What companies need is not “more” but “right”—the right security strategy, the right infrastructure, and the right security policies and procedures. Optimizing your cybersecurity portfolio is the first step businesses must take to make security simpler, easier to manage, and less expensive, taking the burden off security professionals and allowing them to prioritize more protective and business-friendly tasks. More advanced tasks of value.

3. Employees can be the first line of defense

Although employees may pose serious security risks to an enterprise, they can also become the first line of defense against cybercriminals. The most effective way to help them achieve this role is to create a strong cybersecurity culture that encourages and rewards employees for security awareness and safe online behavior.

If employees understand their importance in maintaining the company's network and data, they will be more inclined to fulfill their responsibilities and comply with company policies. Therefore, it is important to organize cybersecurity education and training programs that teach employees about cybercriminals’ attack methods and tactics, such as ransomware and phishing, and how to respond when a threat is discovered.

In addition, it is equally important to clearly explain how employees manage their online activities and define "acceptable" and "unacceptable" access to and use of company networks, software and devices. In order to promote cybersecurity behavior practices and mobilize employee participation, companies can consider developing reward programs, holding monthly knowledge contests, or launching gamification projects.

Building a strong cybersecurity culture based on awareness, training, and clear security policies takes a lot of time and effort, but the end results will prove that all the upfront investment is worth it.

4. The role of vulnerability fixing cannot be ignored

In the era of next-generation network security tools, vulnerability fixing may seem like a trivial task, but it is undeniable that it is powerful Meltdown and Specter vulnerabilities have proven this fact to us as an integral part of cybersecurity plans. The level of effort required to fix Meltdown/Specter vulnerabilities is likely to increase exponentially compared to previously prevalent vulnerability remediation efforts.

Factors that contribute to differences in vulnerability remediation efforts include the number of patches required, the complexity of putting the right patches on the right systems, and understanding the performance and stability of the patches on affected systems and applications. Impact required testing, etc. The patch management problem is exacerbated by companies' inability to update older equipment, since patching older systems is more difficult than fixing newer systems.

In an era of rapid iterations of new product updates, enterprises must focus on basic issues and put basic security technologies and processes (such as vulnerability fixes) in the best position to minimize risks. , maintain infrastructure security, and clarify the current chaos.

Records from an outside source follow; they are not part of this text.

lemma shortest_walk:
  assumes "(u, v) \<in> R\<^sup>*" "v \<in> T"
  obtains n f where "f 0 = u" "f n \<in> T" "\<forall>i<n. (f i, f (Suc i)) \<in> R"
    "\<forall>i<n. f i \<notin> T" "\<forall>i j. i < j \<longrightarrow> j \<le> n \<longrightarrow> f i \<noteq> f j"
proof -
  define reaches where "reaches n \<longleftrightarrow> (\<exists>v\<in>T. (u, v) \<in> R ^^ n)" for n
  have "\<exists>n. reaches n"
    using assms rtrancl_power unfolding reaches_def by blast
  define n where "n = (LEAST n. reaches n)"
  have shorter: "\<not> reaches m" if "m < n" for m
    using that not_less_Least unfolding n_def by blast
  have "reaches n"
    unfolding n_def by (rule LeastI_ex) fact
  then obtain f where f: "f 0 = u" "f n \<in> T" "\<forall>i<n. (f i, f (Suc i)) \<in> R"
    unfolding reaches_def relpow_fun_conv by blast
  have part: "(f i, f j) \<in> R ^^ (j - i)" if "i \<le> j" "j \<le> n" for i j
  proof -
    have "(f (i + k), f (i + Suc k)) \<in> R" if "k < j - i" for k
      using f(3) that \<open>j \<le> n\<close> by simp
    then show ?thesis
      unfolding relpow_fun_conv using that by (intro exI[of _ "\<lambda>k. f (i + k)"]) simp
  qed
  have "f i \<notin> T" if "i < n" for i
    using shorter[OF that] part[of 0 i] that f(1) unfolding reaches_def by auto
  moreover have "f i \<noteq> f j" if "i < j" "j \<le> n" for i j
  proof
    assume "f i = f j"
    then have "(u, f n) \<in> R ^^ i O R ^^ (n - j)"
      using part[of 0 i] part[of j n] that f(1) by auto
    then have "reaches (i + (n - j))"
      using f(2) unfolding reaches_def relpow_add by blast
    then show False
      using shorter that by simp
  qed
  ultimately show ?thesis
    using that f by blast
qed

locale rotation_system =
  fixes V :: "'v set" and H :: "'d set" and vert :: "'d \<Rightarrow> 'v"
    and alpha sigma :: "'d \<Rightarrow> 'd"
  assumes fat_graph: "fat_graph V H vert alpha sigma"
begin

lemma finite_H: "finite H"
  using fat_graph unfolding fat_graph_def by auto

lemma vert_in_V: "d \<in> H \<Longrightarrow> vert d \<in> V"
  using fat_graph unfolding fat_graph_def by auto

lemma alpha_in_H: "d \<in> H \<Longrightarrow> alpha d \<in> H"
  using fat_graph unfolding fat_graph_def by auto

lemma alpha_neq: "d \<in> H \<Longrightarrow> alpha d \<noteq> d"
  using fat_graph unfolding fat_graph_def by auto

lemma alpha_alpha: "d \<in> H \<Longrightarrow> alpha (alpha d) = d"
  using fat_graph unfolding fat_graph_def by auto

lemma inj_on_sigma: "inj_on sigma H"
  using fat_graph unfolding fat_graph_def bij_betw_def by auto

lemma sigma_in_H: "d \<in> H \<Longrightarrow> sigma d \<in> H"
  using fat_graph unfolding fat_graph_def by (auto dest: bij_betwE)

lemma vert_sigma: "d \<in> H \<Longrightarrow> vert (sigma d) = vert d"
  using fat_graph unfolding fat_graph_def by auto
lemma commutator_insert_in:
  assumes S: "subgroup S G" "M \<subseteq> S" and g: "g \<in> carrier G"
    and gl: "\<And>l. l \<in> L \<Longrightarrow> g \<otimes> l \<otimes> inv g \<otimes> inv l \<in> S"
    and xz: "x \<in> insert g L" "z \<in> insert g L"
  shows "x \<otimes> z \<otimes> inv x \<otimes> inv z \<in> S"
proof -
  consider "x = g" "z = g" | "x = g" "z \<in> L" | "x \<in> L" "z = g" | "x \<in> L" "z \<in> L"
    using xz by blast
  then show ?thesis
  proof cases
    case 1
    then show ?thesis using subgroup.one_closed[OF S(1)] g by (simp add: m_assoc)
  next
    case 2
    then show ?thesis using gl by simp
  next
    case 3
    have "inv (g \<otimes> x \<otimes> inv g \<otimes> inv x) = x \<otimes> g \<otimes> inv x \<otimes> inv g"
      using 3(1) g L_carrier by (simp add: m_assoc inv_mult_group)
    then show ?thesis using subgroup.m_inv_closed[OF S(1) gl[OF 3(1)]] 3(2) by simp
  next
    case 4
    then show ?thesis using commutator_L_in_M S(2) by blast
  qed
qed
definition cube :: "real \<Rightarrow> (real^'n) set" where
  "cube r = cbox (y c - (\<chi> i. r)) (y c + (\<chi> i. r))"

lemma mem_cube: "v \<in> cube r \<longleftrightarrow> (\<forall>i. \<bar>v $ i - y c $ i\<bar> \<le> r)"
  unfolding cube_def mem_box_cart by (auto simp: abs_le_iff algebra_simps)

lemma ymix_in_cube: "(\<And>s. \<sigma> s \<in> ball c \<delta>) \<Longrightarrow> ymix \<sigma> \<in> cube 1"
  by (simp add: mem_cube ymix_def near)

lemma bounded_iter_partial_ymix:
  "\<exists>B. \<forall>\<sigma>. (\<forall>s. \<sigma> s \<in> ball c \<delta>) \<longrightarrow> \<bar>iter_partial D ds (ymix \<sigma>) $ j\<bar> \<le> B"
  using bounded_iter_partial[OF smooth, of "cube 1" ds j] ymix_in_cube by (auto simp: cube_def)

definition lip_const :: real where
  "lip_const = (SOME L. L-lipschitz_on (cube 2) D)"

lemma lipschitz_on_cube: "lip_const-lipschitz_on (cube 2) D"
  unfolding lip_const_def
  by (rule someI_ex) (auto simp: cube_def intro: smooth_vf_lipschitz_on[OF smooth])

lemma norm_D_diff_le:
  fixes e :: real
  assumes "v \<in> cube 1" and "\<And>l. \<bar>w $ l - v $ l\<bar> \<le> e" and "e \<le> 1"
  shows "norm (D w - D v) \<le> lip_const * (CARD('n) * e)"
proof -
  have "\<bar>w $ l - y c $ l\<bar> \<le> 2 \<and> \<bar>v $ l - y c $ l\<bar> \<le> 2" for l
  proof -
    have "\<bar>w $ l - y c $ l\<bar> \<le> \<bar>w $ l - v $ l\<bar> + \<bar>v $ l - y c $ l\<bar>"
      using abs_triangle_ineq[of "w $ l - v $ l" "v $ l - y c $ l"] by simp
    moreover have "\<bar>v $ l - y c $ l\<bar> \<le> 1" using \<open>v \<in> cube 1\<close> by (simp add: mem_cube)
    ultimately show ?thesis using assms(2)[of l] \<open>e \<le> 1\<close> by linarith
  qed
  then have "w \<in> cube 2" "v \<in> cube 2" by (simp_all add: mem_cube)
  then have "norm (D w - D v) \<le> lip_const * norm (w - v)"
    using lipschitz_onD[OF lipschitz_on_cube] by (simp add: dist_norm)
  also have "\<dots> \<le> lip_const * (CARD('n) * e)"
    using lipschitz_on_nonneg[OF lipschitz_on_cube] assms(2)
    by (intro mult_left_mono norm_le_card_mult) auto
  finally show ?thesis .
qed

(* Closed under d/dt by the chain rule and y' = D y (ymix_alg_deriv): this bounds all
   t-derivatives uniformly in sigma, as the Taylor estimate of interpolation requires. *)
inductive ymix_alg :: "'s \<Rightarrow> (('s \<Rightarrow> real) \<Rightarrow> real \<Rightarrow> real) \<Rightarrow> bool" for s where
  const: "ymix_alg s (\<lambda>\<sigma> t. r)"
| partial_ymix: "ymix_alg s (\<lambda>\<sigma> t. iter_partial D ds (ymix (\<sigma>(s := t))) $ j)"
| partial_y: "ymix_alg s (\<lambda>\<sigma> t. iter_partial D ds (y t) $ j)"
| add: "ymix_alg s f \<Longrightarrow> ymix_alg s g \<Longrightarrow> ymix_alg s (\<lambda>\<sigma> t. f \<sigma> t + g \<sigma> t)"
| mult: "ymix_alg s f \<Longrightarrow> ymix_alg s g \<Longrightarrow> ymix_alg s (\<lambda>\<sigma> t. f \<sigma> t * g \<sigma> t)"

lemma ymix_alg_sum:
  "finite A \<Longrightarrow> (\<And>i. i \<in> A \<Longrightarrow> ymix_alg s (f i)) \<Longrightarrow> ymix_alg s (\<lambda>\<sigma> t. \<Sum>i\<in>A. f i \<sigma> t)"
  by (induction A rule: finite_induct) (auto intro: ymix_alg.intros ymix_alg.const[of s 0, simplified])

lemma ymix_alg_bounded:
  assumes "ymix_alg s \<Phi>"
  shows "\<exists>M. \<forall>\<sigma> t. (\<forall>s'. \<sigma> s' \<in> ball c \<delta>) \<longrightarrow> t \<in> ball c \<delta> \<longrightarrow> \<bar>\<Phi> \<sigma> t\<bar> \<le> M"
  using assms
proof induction
  case (partial_ymix ds j)
  obtain B where "\<forall>\<sigma>. (\<forall>s. \<sigma> s \<in> ball c \<delta>) \<longrightarrow> \<bar>iter_partial D ds (ymix \<sigma>) $ j\<bar> \<le> B"
    using bounded_iter_partial_ymix by blast
  then show ?case by (intro exI[of _ B]) auto
next
  case (partial_y ds j)
  obtain B where "\<forall>\<sigma>. (\<forall>s. \<sigma> s \<in> ball c \<delta>) \<longrightarrow> \<bar>iter_partial D ds (ymix \<sigma>) $ j\<bar> \<le> B"
    using bounded_iter_partial_ymix by blast
  then show ?case by (intro exI[of _ B] allI impI) (metis ymix_const)
next
  case (add f g)
  then obtain M N where "\<forall>\<sigma> t. (\<forall>s'. \<sigma> s' \<in> ball c \<delta>) \<longrightarrow> t \<in> ball c \<delta> \<longrightarrow> \<bar>f \<sigma> t\<bar> \<le> M \<and> \<bar>g \<sigma> t\<bar> \<le> N"
    by meson
  then show ?case
    by (intro exI[of _ "M + N"] allI impI) (meson abs_triangle_ineq add_mono order.trans)
next
  case (mult f g)
  then obtain M N where bounds: "\<forall>\<sigma> t. (\<forall>s'. \<sigma> s' \<in> ball c \<delta>) \<longrightarrow> t \<in> ball c \<delta> \<longrightarrow> \<bar>f \<sigma> t\<bar> \<le> M \<and> \<bar>g \<sigma> t\<bar> \<le> N"
    by meson
  show ?case
  proof (intro exI allI impI)
    fix \<sigma> :: "'s \<Rightarrow> real" and t :: real
    assume "\<forall>s'. \<sigma> s' \<in> ball c \<delta>" "t \<in> ball c \<delta>"
    with bounds have "\<bar>f \<sigma> t\<bar> \<le> M" "\<bar>g \<sigma> t\<bar> \<le> N" by auto
    then show "\<bar>f \<sigma> t * g \<sigma> t\<bar> \<le> M * N"
      unfolding abs_mult by (meson abs_ge_zero mult_mono order.trans)
  qed
qed auto

lemma has_vector_derivative_ymix_upd:
  assumes "t \<in> ball c \<delta>"
  shows "((\<lambda>t. ymix (\<sigma>(s := t))) has_vector_derivative (\<chi> i. if blk i = s then D (y t) $ i else 0)) (at t)"
proof -
  let ?P = "\<lambda>v :: real^'n. \<chi> i. if blk i = s then v $ i else 0"
  have "linear ?P" by (rule linearI) (auto simp: vec_eq_iff)
  then have "bounded_linear ?P" by (simp add: linear_conv_bounded_linear)
  from bounded_linear.has_vector_derivative[OF this solution[OF assms]]
  have "((\<lambda>t. (\<chi> i. if blk i = s then 0 else y (\<sigma> (blk i)) $ i) + ?P (y t)) has_vector_derivative
      0 + ?P (D (y t))) (at t)"
    by (rule has_vector_derivative_add[OF has_vector_derivative_const])
  moreover have "(\<lambda>t. ymix (\<sigma>(s := t))) = (\<lambda>t. (\<chi> i. if blk i = s then 0 else y (\<sigma> (blk i)) $ i) + ?P (y t))"
    by (auto simp: ymix_def vec_eq_iff)
  ultimately show ?thesis by simp
qed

5. Security is a business issue

Chief information officers (CIOs) and chief information security officers (CISOs) have historically struggled to get into senior management and boardroom roles. One of the main reasons for this is their inability to articulate their business in a way that other executives and board members can understand; they also cannot relate security spending to the company's overall risk profile. As a result, they also struggle to ensure the efficiency of business operations as strategic decisions are made with little or no security input.

Although the problem has been around for years, security is still an immature area in many companies. Safety managers must use visual data and key performance indicators to begin reporting on their operations in understandable and meaningful ways. Budgeting and measuring security operations in a consistent manner with other business units will help security managers play a more prominent role in business strategy and planning, while enabling enterprises to accurately link security investments to risk profiles. .

Beyond that, being able to speak the “language of the business” will be the single most important factor in helping security executives gain C-suite and board seats.